Geoff Whitty was a major figure in education, educational research and the sociology of education – as an academic, through his work on policy and the politics of education, in a direct relation to policy and practice and as an institutional leader. In celebrating Geoff, I will concentrate on his academic contribution.

I first encountered Geoff, although I am not sure we spoke, at a Sociology of Education conference in 1974, organised by the Open University, at Balls Park College (now defunct). The conference was set within the theoretical and epistemological ferment that was the New Sociology of Education (NSE) and Geoff presented a paper ‘Sociology and the problem of radical educational change’ in which is coined the term naïve possibilitarianism and in which he sketched out the need for radical educational change to eliminate social inequalities and at the same time the difficulties involved in achieving change. This tension defined the rest of his career in education. Geoff was a key contributor to the NSE through his work on the sociology of the curriculum and the curriculum as ideological practice and last year his 1985 book, Sociology and School Knowledge, was reissued by Routledge. In the final chapter of that book, he considers ‘the nature of an appropriate political response to the insights about the curriculum that may be derived from recent work on the sociology of school knowledge’ (p. 167), again anticipating later concerns. During the 1970s, he also edited two collections of papers with MFD Young: (Whitty & Young, Citation1976) Explorations in the politics of school knowledge. Issues in sociology, politics and education and (Whitty & Young, Citation1977) Society, state and schooling: readings on the possibilities for radical education, which sought to make school knowledge a political issue and at the same time explored the possibilities of radical change.Footnote1

In 1985, I succeeded Geoff as Tutor for the MA in Urban Education at KCL and he became a friend, interlocutor and a great source of support. In 2001, I succeeded him again as Karl Mannheim Professor of Sociology of Education at the Institute of Education, he had become Director of the IOE (2000–2010).
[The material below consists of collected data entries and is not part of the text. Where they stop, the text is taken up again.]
lemma norm_exp_diff_quotient_le:
  fixes z z0 :: complex and r a :: real
  assumes r: "r \<ge> 0" and a: "a > 0" "Re z0 > 2 * a" and z: "z \<in> ball z0 a" "z \<noteq> z0"
  shows "norm ((exp (- z * of_real r) - exp (- z0 * of_real r)) / (z - z0)) \<le> r * exp (- a * r)"
proof -
  have "norm (exp (- z * of_real r) - exp (- z0 * of_real r)) \<le> (r * exp (- a * r)) * norm (z - z0)"
  proof (rule field_differentiable_bound[of "ball z0 a" "\<lambda>w. exp (- w * of_real r)" "\<lambda>w. - of_real r * exp (- w * of_real r)"])
    show "((\<lambda>w. exp (- w * of_real r)) has_field_derivative - of_real r * exp (- w * of_real r)) (at w within ball z0 a)" for w
      by (auto intro!: derivative_eq_intros)
    show "norm (- of_real r * exp (- w * of_real r)) \<le> r * exp (- a * r)" if w: "w \<in> ball z0 a" for w
    proof -
      have "\<bar>Re z0 - Re w\<bar> < a"
        using w abs_Re_le_cmod[of "z0 - w"] by (simp add: dist_norm)
      then have "Re w \<ge> a"
        using a by linarith
      have "norm (- of_real r * exp (- w * of_real r)) = r * exp (- Re w * r)"
        using r by (simp add: norm_mult)
      also have "\<dots> \<le> r * exp (- a * r)"
        using r \<open>Re w \<ge> a\<close> by (intro mult_left_mono) (auto intro: mult_right_mono)
      finally show ?thesis .
    qed
  qed (use z a in auto)
  then show ?thesis
    using z by (simp add: norm_divide divide_le_eq)
qed

context
  fixes K r :: "'a::euclidean_space \<Rightarrow> real"
  assumes K_meas [measurable]: "K \<in> borel_measurable borel"
    and r_meas [measurable]: "r \<in> borel_measurable borel"
    and r_nonneg: "\<And>y. r y \<ge> 0"
    and K_int: "\<And>c. c > 0 \<Longrightarrow> integrable lborel (\<lambda>y. K y * exp (- c * r y))"
begin

lemma integrable_laplace_complex:
  assumes "Re z > 0"
  shows "integrable lborel (\<lambda>y. of_real (K y) * exp (- z * of_real (r y)))"
proof (rule Bochner_Integration.integrable_bound[OF K_int[OF assms]])
  show "AE y in lborel. norm (of_real (K y) * exp (- z * of_real (r y))) \<le> norm (K y * exp (- Re z * r y))"
    by (intro AE_I2) (simp add: norm_mult abs_mult norm_exp_eq_Re)
qed measurable

lemma integrable_laplace_moment:
  assumes a: "a > 0"
  shows "integrable lborel (\<lambda>y. \<bar>K y\<bar> * (r y * exp (- a * r y)))"
proof -
  have "integrable lborel (\<lambda>y. (2 / a) * \<bar>K y * exp (- (a / 2) * r y)\<bar>)"
    using K_int[of "a / 2"] a by auto
  then show ?thesis
  proof (rule Bochner_Integration.integrable_bound)
    show "AE y in lborel. norm (\<bar>K y\<bar> * (r y * exp (- a * r y))) \<le> norm ((2 / a) * \<bar>K y * exp (- (a / 2) * r y)\<bar>)"
    proof (rule AE_I2)
      fix y
      have "\<bar>K y\<bar> * (r y * exp (- a * r y)) \<le> \<bar>K y\<bar> * ((2 / a) * exp (- (a / 2) * r y))"
        using mult_exp_le[OF r_nonneg a] by (intro mult_left_mono) auto
      then show "norm (\<bar>K y\<bar> * (r y * exp (- a * r y))) \<le> norm ((2 / a) * \<bar>K y * exp (- (a / 2) * r y)\<bar>)"
        using r_nonneg[of y] a by (simp add: abs_mult mult_ac)
    qed
  qed measurable
qed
Following his retirement as Director, Geoff went on to posts at the universities of Bath, Bath Spa, and Newcastle, Australia.

Geoff’s academic work falls into three distinct but related phases and a fundamental concern with social justice and particularly with social class inequalities, patterns of social advantage and disadvantage, underpins all three. The first, as a part of the NSE, I have noted above. The NSE took researchers inside the ‘black box’ of schooling and deconstructed it neutrality – it was no longer simply a matter of how much schooling students of different social backgrounds got, but ‘the nature of what they encountered in schools’ (Whitty, Citation2002 p. 67) as Geoff put it. Knowledge, teaching and assessment became part of the explanation of inequality and necessary targets for change. The NSE was set over and against what might be called the LSE school of sociology of education (encompassing the work of AH Halsey, Jean Floud, Don Swift, Maurice Craft and others) that sought the sources of inequality primarily in the home. Although this position was bifurcated between on the one hand an emphasis on material conditions and on the other on attitudes and aspirations in the family; Geoff looked back on this phase of his work in a recent book chapter: (Whitty, Citation2017) ‘Taking subject knowledge out and putting it back in again? A journey in the company of Michael Young’.

What was missing from the NSE problematisations of schooling was the role of education policy – the focus was primarily on schools and teachers as organisations and agents of inequality. Policy was for some a space to be captured but was not an object of study in its own right. That was left to political scientists. The LSE position was rooted in a Fabian evidence-based relation to policy, to which Geoff was not entirely averse, and there were moments at which their research did have a relation to policy. Although Jean Floud said of her work at LSE, in giving the Charles Gittins Memorial Lecture at the University of Swansea in 1978, that ‘we saw ourselves as, first and foremost, students of social structure, not as advocates of social aims in education’ (p. 9).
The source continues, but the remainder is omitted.